== EXERCISE MATERIALS ==
>>>
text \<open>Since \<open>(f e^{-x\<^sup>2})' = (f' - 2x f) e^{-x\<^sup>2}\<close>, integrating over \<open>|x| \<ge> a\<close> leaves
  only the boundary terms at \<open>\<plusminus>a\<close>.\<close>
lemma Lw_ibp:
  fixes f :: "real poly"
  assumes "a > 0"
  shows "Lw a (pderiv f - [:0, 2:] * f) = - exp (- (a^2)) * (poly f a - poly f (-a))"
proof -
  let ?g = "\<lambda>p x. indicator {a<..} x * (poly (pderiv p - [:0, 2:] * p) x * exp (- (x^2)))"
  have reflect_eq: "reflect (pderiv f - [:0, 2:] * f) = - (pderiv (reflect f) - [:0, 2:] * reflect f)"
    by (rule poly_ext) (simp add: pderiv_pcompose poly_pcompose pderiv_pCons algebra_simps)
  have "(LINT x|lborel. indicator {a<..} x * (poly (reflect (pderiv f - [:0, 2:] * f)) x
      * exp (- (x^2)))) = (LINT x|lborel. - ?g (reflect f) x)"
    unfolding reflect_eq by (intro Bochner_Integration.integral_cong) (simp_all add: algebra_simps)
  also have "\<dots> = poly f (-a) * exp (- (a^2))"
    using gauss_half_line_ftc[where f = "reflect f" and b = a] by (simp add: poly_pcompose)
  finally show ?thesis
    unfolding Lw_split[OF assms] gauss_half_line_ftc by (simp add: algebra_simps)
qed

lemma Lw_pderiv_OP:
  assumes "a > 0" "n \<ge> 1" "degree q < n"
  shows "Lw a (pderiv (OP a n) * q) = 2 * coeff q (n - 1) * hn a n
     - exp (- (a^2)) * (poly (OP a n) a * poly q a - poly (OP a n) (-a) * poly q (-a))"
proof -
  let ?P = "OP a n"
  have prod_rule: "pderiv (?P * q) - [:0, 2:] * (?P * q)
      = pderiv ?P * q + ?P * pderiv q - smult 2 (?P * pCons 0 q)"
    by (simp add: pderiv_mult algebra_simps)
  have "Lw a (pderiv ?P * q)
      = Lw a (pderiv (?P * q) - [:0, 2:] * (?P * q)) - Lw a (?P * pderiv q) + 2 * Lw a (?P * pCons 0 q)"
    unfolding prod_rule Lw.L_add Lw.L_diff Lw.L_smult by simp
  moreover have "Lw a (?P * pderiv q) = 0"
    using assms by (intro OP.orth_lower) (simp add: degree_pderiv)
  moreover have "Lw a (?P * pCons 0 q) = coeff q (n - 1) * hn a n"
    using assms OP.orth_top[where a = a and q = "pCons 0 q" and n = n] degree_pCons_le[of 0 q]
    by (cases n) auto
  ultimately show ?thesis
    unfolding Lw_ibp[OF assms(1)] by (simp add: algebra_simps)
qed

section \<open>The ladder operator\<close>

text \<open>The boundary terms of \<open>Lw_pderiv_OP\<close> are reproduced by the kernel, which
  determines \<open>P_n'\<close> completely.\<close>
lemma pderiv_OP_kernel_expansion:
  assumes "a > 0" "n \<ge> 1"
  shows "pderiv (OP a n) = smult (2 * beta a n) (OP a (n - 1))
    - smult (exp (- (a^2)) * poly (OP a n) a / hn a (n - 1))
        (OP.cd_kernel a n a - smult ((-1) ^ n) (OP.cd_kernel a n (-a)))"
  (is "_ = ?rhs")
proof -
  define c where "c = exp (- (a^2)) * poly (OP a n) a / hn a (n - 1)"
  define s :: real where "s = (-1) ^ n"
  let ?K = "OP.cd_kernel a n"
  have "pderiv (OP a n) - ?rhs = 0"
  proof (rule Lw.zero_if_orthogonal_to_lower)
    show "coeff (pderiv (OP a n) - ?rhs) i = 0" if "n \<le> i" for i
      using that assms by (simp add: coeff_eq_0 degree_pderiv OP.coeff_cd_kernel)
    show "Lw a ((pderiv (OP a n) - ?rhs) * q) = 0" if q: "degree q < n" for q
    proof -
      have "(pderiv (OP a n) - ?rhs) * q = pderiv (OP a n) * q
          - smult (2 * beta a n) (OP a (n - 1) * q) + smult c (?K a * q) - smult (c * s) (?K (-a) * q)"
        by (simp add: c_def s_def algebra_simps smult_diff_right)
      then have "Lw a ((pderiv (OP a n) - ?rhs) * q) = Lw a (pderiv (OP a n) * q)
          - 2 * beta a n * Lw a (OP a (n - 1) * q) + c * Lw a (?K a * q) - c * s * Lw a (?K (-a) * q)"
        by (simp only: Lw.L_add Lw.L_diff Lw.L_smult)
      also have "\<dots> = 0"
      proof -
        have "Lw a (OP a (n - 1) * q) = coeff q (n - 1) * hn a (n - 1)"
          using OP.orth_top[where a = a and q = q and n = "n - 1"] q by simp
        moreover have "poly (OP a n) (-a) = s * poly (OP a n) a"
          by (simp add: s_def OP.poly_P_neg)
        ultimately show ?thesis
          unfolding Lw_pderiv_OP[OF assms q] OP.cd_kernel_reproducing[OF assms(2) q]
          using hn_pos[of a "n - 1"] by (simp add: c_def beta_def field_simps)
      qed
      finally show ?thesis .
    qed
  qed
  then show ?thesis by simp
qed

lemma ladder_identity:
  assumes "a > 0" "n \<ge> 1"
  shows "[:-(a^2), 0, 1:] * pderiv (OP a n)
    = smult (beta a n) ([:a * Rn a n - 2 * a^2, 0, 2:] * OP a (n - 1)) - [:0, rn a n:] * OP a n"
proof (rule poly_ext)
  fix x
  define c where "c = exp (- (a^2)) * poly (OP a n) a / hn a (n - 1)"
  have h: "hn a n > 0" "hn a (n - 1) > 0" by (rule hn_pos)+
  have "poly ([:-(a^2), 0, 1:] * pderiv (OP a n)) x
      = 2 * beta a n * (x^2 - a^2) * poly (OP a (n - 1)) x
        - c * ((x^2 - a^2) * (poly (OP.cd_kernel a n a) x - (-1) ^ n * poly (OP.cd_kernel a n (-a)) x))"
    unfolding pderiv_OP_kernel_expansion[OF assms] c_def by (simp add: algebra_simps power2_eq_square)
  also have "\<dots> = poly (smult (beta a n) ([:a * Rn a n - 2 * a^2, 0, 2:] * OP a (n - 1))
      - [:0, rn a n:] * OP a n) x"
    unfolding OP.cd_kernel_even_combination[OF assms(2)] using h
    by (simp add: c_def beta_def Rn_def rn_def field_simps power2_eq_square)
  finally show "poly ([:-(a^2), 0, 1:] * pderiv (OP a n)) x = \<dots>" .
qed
<<<
>>>
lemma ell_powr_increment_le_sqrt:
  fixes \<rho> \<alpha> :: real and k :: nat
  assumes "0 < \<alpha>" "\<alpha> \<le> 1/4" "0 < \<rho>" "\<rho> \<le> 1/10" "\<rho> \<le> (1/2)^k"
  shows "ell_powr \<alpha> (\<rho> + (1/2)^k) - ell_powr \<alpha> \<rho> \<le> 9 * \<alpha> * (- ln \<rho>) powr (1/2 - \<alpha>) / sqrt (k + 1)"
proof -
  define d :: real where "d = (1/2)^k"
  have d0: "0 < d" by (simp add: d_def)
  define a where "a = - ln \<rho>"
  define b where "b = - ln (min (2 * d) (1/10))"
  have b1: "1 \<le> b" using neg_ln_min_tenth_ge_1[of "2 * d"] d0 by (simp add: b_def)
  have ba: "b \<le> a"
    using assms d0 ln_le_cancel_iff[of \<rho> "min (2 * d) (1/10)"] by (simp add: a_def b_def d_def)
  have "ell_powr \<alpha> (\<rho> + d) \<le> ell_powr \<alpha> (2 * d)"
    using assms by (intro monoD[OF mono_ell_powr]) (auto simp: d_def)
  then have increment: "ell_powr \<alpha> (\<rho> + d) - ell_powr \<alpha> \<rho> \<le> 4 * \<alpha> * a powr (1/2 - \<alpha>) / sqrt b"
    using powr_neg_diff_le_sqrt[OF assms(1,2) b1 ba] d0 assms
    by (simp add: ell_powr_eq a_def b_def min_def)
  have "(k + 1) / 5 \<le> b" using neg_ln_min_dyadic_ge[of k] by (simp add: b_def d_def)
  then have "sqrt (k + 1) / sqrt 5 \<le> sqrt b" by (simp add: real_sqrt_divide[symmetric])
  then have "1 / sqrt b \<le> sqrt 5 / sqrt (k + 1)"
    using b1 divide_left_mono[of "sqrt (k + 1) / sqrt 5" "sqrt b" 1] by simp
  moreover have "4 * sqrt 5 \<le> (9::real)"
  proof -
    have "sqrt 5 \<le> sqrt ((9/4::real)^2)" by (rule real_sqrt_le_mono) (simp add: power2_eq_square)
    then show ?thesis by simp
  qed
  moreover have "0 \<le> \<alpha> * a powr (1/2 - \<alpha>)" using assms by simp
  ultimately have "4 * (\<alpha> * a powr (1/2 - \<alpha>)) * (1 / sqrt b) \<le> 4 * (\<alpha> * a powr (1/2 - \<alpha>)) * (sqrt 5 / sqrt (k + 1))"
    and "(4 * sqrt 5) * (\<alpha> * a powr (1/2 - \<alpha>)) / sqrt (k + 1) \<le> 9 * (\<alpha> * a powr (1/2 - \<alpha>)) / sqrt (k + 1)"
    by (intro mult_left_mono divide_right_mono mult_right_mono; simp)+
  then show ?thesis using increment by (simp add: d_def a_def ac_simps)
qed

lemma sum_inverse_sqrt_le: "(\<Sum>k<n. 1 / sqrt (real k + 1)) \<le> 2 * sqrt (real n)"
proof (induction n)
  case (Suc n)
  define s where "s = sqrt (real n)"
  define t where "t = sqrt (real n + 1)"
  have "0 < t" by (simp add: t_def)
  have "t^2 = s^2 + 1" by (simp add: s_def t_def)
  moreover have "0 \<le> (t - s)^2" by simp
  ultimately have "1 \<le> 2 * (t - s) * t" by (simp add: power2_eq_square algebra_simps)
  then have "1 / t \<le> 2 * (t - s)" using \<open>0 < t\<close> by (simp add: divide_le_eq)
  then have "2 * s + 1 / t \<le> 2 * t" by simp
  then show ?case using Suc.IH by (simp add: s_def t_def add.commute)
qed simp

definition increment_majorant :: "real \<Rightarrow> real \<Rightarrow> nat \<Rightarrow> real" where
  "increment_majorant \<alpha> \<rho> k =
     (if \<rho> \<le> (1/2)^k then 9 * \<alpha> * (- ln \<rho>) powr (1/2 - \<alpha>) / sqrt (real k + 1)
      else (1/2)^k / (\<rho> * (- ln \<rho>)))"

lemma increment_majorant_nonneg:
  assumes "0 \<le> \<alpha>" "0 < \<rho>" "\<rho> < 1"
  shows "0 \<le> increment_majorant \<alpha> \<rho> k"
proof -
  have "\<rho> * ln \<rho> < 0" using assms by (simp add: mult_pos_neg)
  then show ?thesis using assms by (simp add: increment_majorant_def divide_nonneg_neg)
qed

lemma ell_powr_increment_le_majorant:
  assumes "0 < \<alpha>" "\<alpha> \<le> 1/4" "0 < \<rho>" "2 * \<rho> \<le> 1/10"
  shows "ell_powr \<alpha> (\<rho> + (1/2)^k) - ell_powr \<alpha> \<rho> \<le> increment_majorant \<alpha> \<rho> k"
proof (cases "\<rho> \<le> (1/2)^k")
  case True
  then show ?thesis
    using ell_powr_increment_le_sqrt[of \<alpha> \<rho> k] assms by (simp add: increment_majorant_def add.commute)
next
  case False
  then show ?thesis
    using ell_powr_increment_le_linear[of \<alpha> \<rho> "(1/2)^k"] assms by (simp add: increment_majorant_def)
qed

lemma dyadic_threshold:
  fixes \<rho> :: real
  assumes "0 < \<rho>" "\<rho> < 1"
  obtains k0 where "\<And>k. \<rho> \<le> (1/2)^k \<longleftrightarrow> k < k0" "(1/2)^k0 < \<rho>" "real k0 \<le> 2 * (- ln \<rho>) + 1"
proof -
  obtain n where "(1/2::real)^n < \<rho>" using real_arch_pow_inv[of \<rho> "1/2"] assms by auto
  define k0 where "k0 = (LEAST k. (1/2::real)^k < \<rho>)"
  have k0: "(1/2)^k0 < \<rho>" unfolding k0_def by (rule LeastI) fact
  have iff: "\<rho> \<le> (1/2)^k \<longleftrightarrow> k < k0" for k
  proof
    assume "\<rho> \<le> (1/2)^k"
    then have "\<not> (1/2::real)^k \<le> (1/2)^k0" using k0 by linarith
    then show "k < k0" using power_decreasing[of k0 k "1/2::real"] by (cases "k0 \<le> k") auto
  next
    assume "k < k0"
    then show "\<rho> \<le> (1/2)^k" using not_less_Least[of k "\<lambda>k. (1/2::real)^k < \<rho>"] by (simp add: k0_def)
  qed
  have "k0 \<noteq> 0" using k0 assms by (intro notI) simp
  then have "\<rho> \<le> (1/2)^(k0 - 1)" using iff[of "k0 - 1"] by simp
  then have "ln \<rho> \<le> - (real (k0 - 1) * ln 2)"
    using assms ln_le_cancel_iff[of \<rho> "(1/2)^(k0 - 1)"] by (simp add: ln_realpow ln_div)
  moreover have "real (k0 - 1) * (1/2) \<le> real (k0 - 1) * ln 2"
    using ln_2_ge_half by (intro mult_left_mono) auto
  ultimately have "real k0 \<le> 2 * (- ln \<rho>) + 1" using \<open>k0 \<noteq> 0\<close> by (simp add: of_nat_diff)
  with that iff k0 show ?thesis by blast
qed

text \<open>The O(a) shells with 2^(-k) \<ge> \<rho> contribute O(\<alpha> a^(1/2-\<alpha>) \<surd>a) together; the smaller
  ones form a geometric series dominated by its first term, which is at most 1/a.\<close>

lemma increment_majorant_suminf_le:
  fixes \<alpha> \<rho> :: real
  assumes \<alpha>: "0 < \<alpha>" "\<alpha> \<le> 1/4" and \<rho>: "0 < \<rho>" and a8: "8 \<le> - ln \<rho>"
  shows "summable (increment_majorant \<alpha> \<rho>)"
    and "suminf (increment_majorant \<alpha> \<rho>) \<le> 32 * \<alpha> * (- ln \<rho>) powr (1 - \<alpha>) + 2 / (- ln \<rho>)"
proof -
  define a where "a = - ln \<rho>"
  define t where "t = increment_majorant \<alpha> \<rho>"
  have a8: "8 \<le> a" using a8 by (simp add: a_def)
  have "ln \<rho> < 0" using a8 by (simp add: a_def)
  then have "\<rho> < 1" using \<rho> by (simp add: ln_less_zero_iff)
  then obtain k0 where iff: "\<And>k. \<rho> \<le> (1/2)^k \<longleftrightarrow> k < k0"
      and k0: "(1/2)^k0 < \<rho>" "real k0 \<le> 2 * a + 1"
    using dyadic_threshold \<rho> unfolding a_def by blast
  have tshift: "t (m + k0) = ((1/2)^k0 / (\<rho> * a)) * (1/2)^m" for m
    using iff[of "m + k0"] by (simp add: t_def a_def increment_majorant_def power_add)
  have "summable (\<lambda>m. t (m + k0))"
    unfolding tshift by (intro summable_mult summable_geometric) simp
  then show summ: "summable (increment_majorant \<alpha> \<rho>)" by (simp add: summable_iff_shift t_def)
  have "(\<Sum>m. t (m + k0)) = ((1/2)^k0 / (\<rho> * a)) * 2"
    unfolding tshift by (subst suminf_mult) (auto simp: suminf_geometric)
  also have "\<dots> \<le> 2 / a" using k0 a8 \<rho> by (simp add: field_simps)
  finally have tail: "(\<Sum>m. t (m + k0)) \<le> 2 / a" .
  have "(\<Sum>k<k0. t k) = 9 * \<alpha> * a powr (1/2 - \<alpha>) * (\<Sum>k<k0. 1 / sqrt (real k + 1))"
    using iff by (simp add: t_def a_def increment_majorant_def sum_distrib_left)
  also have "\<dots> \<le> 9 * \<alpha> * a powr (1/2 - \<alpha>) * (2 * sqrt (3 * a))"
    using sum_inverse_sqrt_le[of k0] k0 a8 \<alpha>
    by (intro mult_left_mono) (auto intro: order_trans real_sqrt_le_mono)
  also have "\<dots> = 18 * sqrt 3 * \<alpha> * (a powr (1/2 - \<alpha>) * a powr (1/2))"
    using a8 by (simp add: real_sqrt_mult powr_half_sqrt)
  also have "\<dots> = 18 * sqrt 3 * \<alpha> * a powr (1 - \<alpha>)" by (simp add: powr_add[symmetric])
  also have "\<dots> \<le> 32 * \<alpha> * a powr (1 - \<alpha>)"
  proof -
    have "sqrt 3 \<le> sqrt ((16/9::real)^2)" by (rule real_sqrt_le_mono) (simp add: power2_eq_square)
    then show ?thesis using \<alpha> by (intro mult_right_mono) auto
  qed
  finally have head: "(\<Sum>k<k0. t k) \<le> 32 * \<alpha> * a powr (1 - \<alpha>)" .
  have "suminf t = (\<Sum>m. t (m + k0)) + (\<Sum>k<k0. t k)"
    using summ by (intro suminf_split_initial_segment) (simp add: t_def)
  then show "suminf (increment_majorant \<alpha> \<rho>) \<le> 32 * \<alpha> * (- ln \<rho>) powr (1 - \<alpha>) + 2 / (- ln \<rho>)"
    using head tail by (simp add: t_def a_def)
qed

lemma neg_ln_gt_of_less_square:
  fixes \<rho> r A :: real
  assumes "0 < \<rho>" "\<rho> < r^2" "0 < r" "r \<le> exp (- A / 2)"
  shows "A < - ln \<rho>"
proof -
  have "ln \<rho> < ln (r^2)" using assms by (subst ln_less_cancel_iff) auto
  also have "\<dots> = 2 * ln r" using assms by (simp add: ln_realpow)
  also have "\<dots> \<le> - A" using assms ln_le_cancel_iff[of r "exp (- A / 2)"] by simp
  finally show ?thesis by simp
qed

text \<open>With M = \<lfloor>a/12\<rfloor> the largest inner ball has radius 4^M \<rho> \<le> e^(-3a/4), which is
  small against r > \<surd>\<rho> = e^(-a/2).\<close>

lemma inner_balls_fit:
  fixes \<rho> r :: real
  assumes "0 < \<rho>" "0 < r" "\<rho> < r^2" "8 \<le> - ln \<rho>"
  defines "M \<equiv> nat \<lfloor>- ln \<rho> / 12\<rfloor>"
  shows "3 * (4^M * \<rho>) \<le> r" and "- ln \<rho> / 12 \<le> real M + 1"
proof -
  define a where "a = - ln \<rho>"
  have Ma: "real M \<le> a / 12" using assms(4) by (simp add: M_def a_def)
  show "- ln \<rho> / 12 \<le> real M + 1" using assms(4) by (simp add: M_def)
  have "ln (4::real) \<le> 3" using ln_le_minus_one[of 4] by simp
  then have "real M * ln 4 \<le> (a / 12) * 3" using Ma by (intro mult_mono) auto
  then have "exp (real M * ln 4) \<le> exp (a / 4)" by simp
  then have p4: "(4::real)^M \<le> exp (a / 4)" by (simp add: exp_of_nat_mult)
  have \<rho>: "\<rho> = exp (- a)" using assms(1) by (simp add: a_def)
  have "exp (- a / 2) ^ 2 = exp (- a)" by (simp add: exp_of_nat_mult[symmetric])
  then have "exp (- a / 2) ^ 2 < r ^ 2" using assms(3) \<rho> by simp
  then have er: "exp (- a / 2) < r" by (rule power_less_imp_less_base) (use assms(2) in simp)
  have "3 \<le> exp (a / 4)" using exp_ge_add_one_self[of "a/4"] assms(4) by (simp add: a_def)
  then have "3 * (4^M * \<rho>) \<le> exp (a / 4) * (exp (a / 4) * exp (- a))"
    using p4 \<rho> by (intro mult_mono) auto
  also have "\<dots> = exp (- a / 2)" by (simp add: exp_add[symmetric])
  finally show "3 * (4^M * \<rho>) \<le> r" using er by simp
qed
<<<
== TASK TO COMPLETE ==
Out of the data above, transcribe exactly and only the lines starting with the line that has "using that assms" and going on through the line that has "- smult (2 *", both included.

== THE COMPLETED TASK ==
      using that assms by (simp add: coeff_eq_0 degree_pderiv OP.coeff_cd_kernel)
    show "Lw a ((pderiv (OP a n) - ?rhs) * q) = 0" if q: "degree q < n" for q
    proof -
      have "(pderiv (OP a n) - ?rhs) * q = pderiv (OP a n) * q
          - smult (2 * beta a n) (OP a (n - 1) * q) + smult c (?K a * q) - smult (c * s) (?K (-a) * q)"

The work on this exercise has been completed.